- Born: 13 February 1916 Bakhchysarai, Crimea, Russian Empire
- Died: 9 September 2007 (age 91) Bakhchysarai, Ukraine

= Saide Arifova =

Crimean Tatar educator

Saide Arifova (13 February 1916 – 9 September 2007) was a Crimean Tatar woman from Bakhchisarai, Crimea, who saved at least 74 Jewish children from the Nazis and the NKVD during World War II.

==Life==
During the Nazi occupation of Crimea she worked as a kindergarten director and managed to forge documents, altering the Jewish children's recorded ethnicity to Crimean Tatar, teaching them to speak Crimean Tatar and to adopt Crimean Tatar customs. She also managed to conceal children from Kerch orphanage, who were due to be sent to Germany for medical experiments. The Nazis suspected she was involved in their concealment and tortured her, but she did not disclose any information. Despite resisting the Nazis and becoming a victim of the Gestapo herself, she still was deported to Uzbek SSR during Sürgün, as the Crimean Tatars were considered collectively guilty of collaboration. She did manage to convince the NKVD that the children were Jewish, not Crimean Tatar, and save them from exile. Only after Perestroika did she return to Crimea where she died in 2007.

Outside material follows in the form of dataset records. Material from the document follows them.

(* Let $g\geq 1$ and $n\geq 1$ be integers. Let the Heisenberg group $H_g$ act on the polynomial ring $\mathbf{C}[\ldots,X_\sigma,\ldots]$ in the $2^g$ variables $X_\sigma$, $\sigma\in\mathbf{F}_2^g$, as described in the context. Then the dimension of the space of $H_g$-invariant homogeneous polynomials of degree $4n$ is $$\dim\big(\mathbf{C}[\ldots,X_\sigma,\ldots]_{4n}\big)^{H_g}=2^{-2g}\left(\binom{2^g+4n-1}{4n}+(2^{2g}-1)\binom{2^{g-1}+2n-1}{2n}\right).$$
   Context: $\mu_4=\{z\in\mathbf{C}: z^4=1\}$. The Heisenberg group is $H_g=\mu_4\times\mathbf{F}_2^g\times\mathbf{F}_2^g$ with multiplication $(s,x,u)(t,y,v)=(st(-1)^{u\cdot y},x+y,u+v)$, where $u\cdot y=\sum_i u_iy_i$. It acts on the variables $X_\sigma$ ($\sigma\in\mathbf{F}_2^g$) by $(s,x,u)X_\sigma=s(-1)^{(x+\sigma)\cdot u}X_{x+\sigma}$, and this action is extended to polynomials as ring automorphisms. $\mathbf{C}[\ldots,X_\sigma,\ldots]_{d}$ denotes the space of homogeneous polynomials of degree $d$. *)

theory Defs
  imports "HOL-Analysis.Analysis" "HOL-Library.Function_Algebras"
begin

definition F2vec :: "nat \<Rightarrow> bool list set" where
  "F2vec g = {xs. length xs = g}"

definition vadd :: "bool list \<Rightarrow> bool list \<Rightarrow> bool list" where
  "vadd x y = map2 (\<lambda>a b. a \<noteq> b) x y"

text \<open>Integer-valued dot product; only its parity matters, via (-1)^dot.\<close>
definition vdot :: "bool list \<Rightarrow> bool list \<Rightarrow> nat" where
  "vdot u y = length (filter id (map2 (\<and>) u y))"

definition mu4 :: "complex set" where
  "mu4 = {z. z ^ 4 = 1}"

definition Heis :: "nat \<Rightarrow> (complex \<times> bool list \<times> bool list) set" where
  "Heis g = {(s, x, u). s \<in> mu4 \<and> x \<in> F2vec g \<and> u \<in> F2vec g}"

definition heis_mult ::
  "complex \<times> bool list \<times> bool list \<Rightarrow> complex \<times> bool list \<times> bool list \<Rightarrow> complex \<times> bool list \<times> bool list" where
  "heis_mult a b = (case a of (s, x, u) \<Rightarrow> case b of (t, y, v) \<Rightarrow>
      (s * t * (-1) ^ vdot u y, vadd x y, vadd u v))"

text \<open>Monomials in the variables X_sigma (sigma in F_2^g) are exponent functions
  supported on F_2^g; those of total degree d.\<close>
definition Mon :: "nat \<Rightarrow> nat \<Rightarrow> (bool list \<Rightarrow> nat) set" where
  "Mon g d = {e. (\<forall>\<sigma>. \<sigma> \<notin> F2vec g \<longrightarrow> e \<sigma> = 0) \<and> (\<Sum>\<sigma>\<in>F2vec g. e \<sigma>) = d}"

definition HPoly :: "nat \<Rightarrow> nat \<Rightarrow> ((bool list \<Rightarrow> nat) \<Rightarrow> complex) set" where
  "HPoly g d = {p. \<forall>e. e \<notin> Mon g d \<longrightarrow> p e = 0}"

definition var_coeff :: "complex \<times> bool list \<times> bool list \<Rightarrow> bool list \<Rightarrow> complex" where
  "var_coeff h \<sigma> = (case h of (s, x, u) \<Rightarrow> s * (-1) ^ vdot (vadd x \<sigma>) u)"

definition var_img :: "complex \<times> bool list \<times> bool list \<Rightarrow> bool list \<Rightarrow> bool list" where
  "var_img h \<sigma> = (case h of (s, x, u) \<Rightarrow> vadd x \<sigma>)"

text \<open>Extension to monomials as a ring automorphism:
  h (prod X_sigma^(e sigma)) = prod (c_sigma X_(img sigma))^(e sigma)
  = (prod c_sigma^(e sigma)) * X^(e'), returned as (coefficient, exponent e').\<close>
definition mono_act :: "nat \<Rightarrow> complex \<times> bool list \<times> bool list \<Rightarrow> (bool list \<Rightarrow> nat)
    \<Rightarrow> complex \<times> (bool list \<Rightarrow> nat)" where
  "mono_act g h e =
     ((\<Prod>\<sigma>\<in>F2vec g. var_coeff h \<sigma> ^ e \<sigma>),
      (\<lambda>\<tau>. \<Sum>\<sigma>\<in>{\<sigma>\<in>F2vec g. var_img h \<sigma> = \<tau>}. e \<sigma>))"

definition poly_act :: "nat \<Rightarrow> nat \<Rightarrow> complex \<times> bool list \<times> bool list
    \<Rightarrow> ((bool list \<Rightarrow> nat) \<Rightarrow> complex) \<Rightarrow> ((bool list \<Rightarrow> nat) \<Rightarrow> complex)" where
  "poly_act g d h p = (\<lambda>f. \<Sum>e\<in>Mon g d.
       if snd (mono_act g h e) = f then fst (mono_act g h e) * p e else 0)"

definition Invariants :: "nat \<Rightarrow> nat \<Rightarrow> ((bool list \<Rightarrow> nat) \<Rightarrow> complex) set" where
  "Invariants g d = {p \<in> HPoly g d. \<forall>h\<in>Heis g. poly_act g d h p = p}"

definition fscale :: "complex \<Rightarrow> ('a \<Rightarrow> complex) \<Rightarrow> ('a \<Rightarrow> complex)" where
  "fscale c f = (\<lambda>m. c * f m)"

lemma fscale_vector_space: "Vector_Spaces.vector_space (fscale :: complex \<Rightarrow> ('a \<Rightarrow> complex) \<Rightarrow> _)"
  by unfold_locales (auto simp: fscale_def fun_eq_iff algebra_simps)

definition cdim :: "('a \<Rightarrow> complex) set \<Rightarrow> nat" where
  "cdim V = vector_space.dim (fscale :: complex \<Rightarrow> ('a \<Rightarrow> complex) \<Rightarrow> _) V"

end

theory Submission
  imports Defs "HOL-Computational_Algebra.Formal_Power_Series"
begin

text \<open>
  In degree \<open>d = 4n\<close> the scalars \<open>s \<in> \<mu>\<^sub>4\<close> act trivially, an element \<open>(1,0,u)\<close> multiplies a monomial
  \<open>X\<^sup>f\<close> by a sign, and \<open>(1,x,0)\<close> translates its exponent. So a polynomial is invariant iff its
  coefficients vanish off the monomials of sign 1 for all \<open>u\<close> and are constant on translation
  orbits, and the dimension is the number \<open>N\<close> of these orbits. Burnside's lemma together with
  orthogonality of the characters \<open>u\<close> of \<open>F\<^sub>2\<^sup>g\<close> gives \<open>2\<^sup>2\<^sup>g N = \<Sum>\<^sub>x\<^sub>,\<^sub>u T(x,u)\<close>, where \<open>T(x,u)\<close>
  sums the signs for \<open>u\<close> of the monomials fixed by \<open>x\<close>. \<open>T(0,0)\<close> counts all monomials of degree
  \<open>4n\<close>, and every other \<open>T(x,u)\<close> equals \<open>binom(2\<^sup>g\<^sup>-\<^sup>1 + 2n - 1, 2n)\<close>: for \<open>x = 0\<close> by a generating
  function, for \<open>x \<noteq> 0\<close> because a monomial fixed by \<open>x\<close> is determined by its part on a half of
  \<open>F\<^sub>2\<^sup>g\<close>, and all these monomials have sign 1.
\<close>

unbundle no vec_syntax
notation fps_nth (infixl "$" 75)

section \<open>Monomials on a finite set and geometric series\<close>

definition monomials_on :: "'a set \<Rightarrow> nat \<Rightarrow> ('a \<Rightarrow> nat) set" where
  "monomials_on V k = {f. (\<forall>v. v \<notin> V \<longrightarrow> f v = 0) \<and> sum f V = k}"

lemma finite_monomials_on:
  assumes "finite V"
  shows "finite (monomials_on V k)"
proof (rule finite_subset)
  show "monomials_on V k \<subseteq> {f. \<forall>v. (v \<in> V \<longrightarrow> f v \<in> {..k}) \<and> (v \<notin> V \<longrightarrow> f v = 0)}"
    using assms by (auto simp: monomials_on_def intro: member_le_sum)
  show "finite {f. \<forall>v. (v \<in> V \<longrightarrow> f v \<in> {..k}) \<and> (v \<notin> V \<longrightarrow> f v = 0)}"
    using assms by (intro finite_set_of_finite_funs) auto
qed

lemma monomials_on_insert_fiber:
  assumes "finite V" "a \<notin> V" "j \<le> k"
  shows "{f \<in> monomials_on (insert a V) k. f a = j} = (\<lambda>h. h(a := j)) ` monomials_on V (k - j)"
proof (intro equalityI subsetI)
  fix f assume f: "f \<in> {f \<in> monomials_on (insert a V) k. f a = j}"
  have "sum (f(a := 0)) V = sum f V"
    using assms by (intro sum.cong) auto
  then have "f(a := 0) \<in> monomials_on V (k - j)"
    using f assms by (auto simp: monomials_on_def)
  moreover have "f = (f(a := 0))(a := j)"
    using f by auto
  ultimately show "f \<in> (\<lambda>h. h(a := j)) ` monomials_on V (k - j)"
    by blast
next
  fix f assume "f \<in> (\<lambda>h. h(a := j)) ` monomials_on V (k - j)"
  then obtain h where h: "h \<in> monomials_on V (k - j)" and f: "f = h(a := j)"
    by blast
  have "sum f V = sum h V"
    using assms f by (intro sum.cong) auto
  then show "f \<in> {f \<in> monomials_on (insert a V) k. f a = j}"
    using h f assms by (auto simp: monomials_on_def)
qed

lemma sum_monomials_on_insert:
  assumes "finite V" "a \<notin> V"
  shows "(\<Sum>f\<in>monomials_on (insert a V) k. \<phi> f) = (\<Sum>j\<le>k. \<Sum>h\<in>monomials_on V (k - j). \<phi> (h(a := j)))"
proof -
  have "(\<lambda>f. f a) ` monomials_on (insert a V) k \<subseteq> {..k}"
    using assms by (auto simp: monomials_on_def intro: member_le_sum)
  from sum.group[OF finite_monomials_on _ this, of \<phi>]
  have "(\<Sum>f\<in>monomials_on (insert a V) k. \<phi> f)
      = (\<Sum>j\<le>k. \<Sum>f\<in>{f \<in> monomials_on (insert a V) k. f a = j}. \<phi> f)"
    using assms by simp
  also have "\<dots> = (\<Sum>j\<le>k. \<Sum>h\<in>monomials_on V (k - j). \<phi> (h(a := j)))"
  proof (rule sum.cong[OF refl])
    fix j assume "j \<in> {..k}"
    moreover have "inj_on (\<lambda>h. h(a := j)) (monomials_on V (k - j))"
      using assms by (intro inj_onI) (auto simp: monomials_on_def fun_eq_iff, metis)
    ultimately show "(\<Sum>f\<in>{f \<in> monomials_on (insert a V) k. f a = j}. \<phi> f)
        = (\<Sum>h\<in>monomials_on V (k - j). \<phi> (h(a := j)))"
      using assms by (simp add: monomials_on_insert_fiber sum.reindex)
  qed
  finally show ?thesis .
qed

definition geom_fps :: "'a::comm_ring_1 \<Rightarrow> 'a fps" where
  "geom_fps a = Abs_fps (\<lambda>n. a ^ n)"

lemma sum_monomials_on_prod_power:
  fixes w :: "'a \<Rightarrow> 'b::comm_ring_1"
  assumes "finite V"
  shows "(\<Sum>f\<in>monomials_on V k. \<Prod>v\<in>V. w v ^ f v) = (\<Prod>v\<in>V. geom_fps (w v)) $ k"
  using assms
proof (induction V arbitrary: k rule: finite_induct)
  case empty
  have empty_monomials: "monomials_on {} k = (if k = 0 then {\<lambda>_. 0} else {})"
    by (auto simp: monomials_on_def)
  show ?case
    unfolding empty_monomials by simp
next
  case (insert a V)
  have split: "(\<Prod>v\<in>insert a V. w v ^ (h(a := j)) v) = w a ^ j * (\<Prod>v\<in>V. w v ^ h v)" for h j
  proof -
    have "(\<Prod>v\<in>V. w v ^ (h(a := j)) v) = (\<Prod>v\<in>V. w v ^ h v)"
      using insert by (intro prod.cong) auto
    then show ?thesis
      using insert by simp
  qed
  have "(\<Sum>f\<in>monomials_on (insert a V) k. \<Prod>v\<in>insert a V. w v ^ f v)
      = (\<Sum>j\<le>k. \<Sum>h\<in>monomials_on V (k - j). \<Prod>v\<in>insert a V. w v ^ (h(a := j)) v)"
    by (rule sum_monomials_on_insert[OF insert.hyps])
  also have "\<dots> = (\<Sum>j\<le>k. w a ^ j * (\<Sum>h\<in>monomials_on V (k - j). \<Prod>v\<in>V. w v ^ h v))"
    by (simp only: split sum_distrib_left)
  also have "\<dots> = (\<Sum>j\<le>k. geom_fps (w a) $ j * (\<Prod>v\<in>V. geom_fps (w v)) $ (k - j))"
    using insert by (simp add: geom_fps_def)
  also have "\<dots> = (\<Prod>v\<in>insert a V. geom_fps (w v)) $ k"
    using insert by (simp add: fps_mult_nth atLeast0AtMost)
  finally show ?case .
qed

lemma geom_fps_one_power_Suc_nth:
  "(geom_fps (1::'a::comm_ring_1) ^ Suc m) $ k = of_nat ((m + k) choose k)"
proof (induction m arbitrary: k)
  case 0
  then show ?case
    by (simp add: geom_fps_def)
next
  case (Suc m)
  have "(geom_fps (1::'a) ^ Suc (Suc m)) $ k = (\<Sum>i=0..k. geom_fps 1 $ i * (geom_fps 1 ^ Suc m) $ (k - i))"
    by (simp add: fps_mult_nth)
  also have "\<dots> = (\<Sum>i\<le>k. of_nat ((m + (k - i)) choose (k - i)))"
    using Suc by (simp add: geom_fps_def atLeast0AtMost)
  also have "\<dots> = (\<Sum>i\<le>k. of_nat ((m + i) choose i))"
    by (rule sum.reindex_bij_witness[of _ "\<lambda>i. k - i" "\<lambda>i. k - i"]) auto
  also have "\<dots> = of_nat (Suc m + k choose k)"
    by (simp add: sum_choose_lower flip: of_nat_sum)
  finally show ?case .
qed

lemma geom_fps_one_power_nth:
  "(geom_fps (1::'a::comm_ring_1) ^ m) $ k = of_nat ((m + k - 1) choose k)"
  using geom_fps_one_power_Suc_nth[of "m - 1" k]
  by (cases m) (simp_all add: binomial_eq_0)

lemma card_monomials_on:
  assumes "finite V"
  shows "card (monomials_on V k) = (card V + k - 1) choose k"
proof -
  have "of_nat (card (monomials_on V k)) = (\<Sum>f\<in>monomials_on V k. \<Prod>v\<in>V. (1::int) ^ f v)"
    by simp
  also have "\<dots> = (geom_fps 1 ^ card V) $ k"
    using sum_monomials_on_prod_power[OF assms, of "\<lambda>_. 1" k] by simp
  also have "\<dots> = of_nat ((card V + k - 1) choose k)"
    by (rule geom_fps_one_power_nth)
  finally show ?thesis
    by simp
qed

lemma fps_compose_X_squared_nth:
  fixes f :: "'a::comm_ring_1 fps"
  shows "(f oo fps_X ^ 2) $ n = (if even n then f $ (n div 2) else 0)"
proof -
  have "(f oo fps_X ^ 2) $ n = (\<Sum>i\<in>{0..n}. if i = n div 2 \<and> even n then f $ i else 0)"
    unfolding fps_compose_nth power_mult[symmetric]
    by (intro sum.cong) (auto simp: mult.commute)
  then show ?thesis
    by (cases "even n") (simp_all add: sum.delta)
qed

lemma sum_minus_one_power: "(\<Sum>i=0..n. (-1::'a::comm_ring_1) ^ i) = (if even n then 1 else 0)"
  by (induction n) auto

Multiple sources claim she was declared Righteous Among the Nations by Yad Vashem, but she is not listed as a person awarded the title anywhere in their database. She is the main protagonist in the 2017 Ukrainian film, Another's Prayer, directed by Akhtem Seitablaiev, a Crimean Tatar film director who was born in exile. The movie was supposed to be filmed in Crimea, but after the annexation of Crimea by the Russian Federation in 2014 it was instead filmed in Georgia and mainland Ukraine.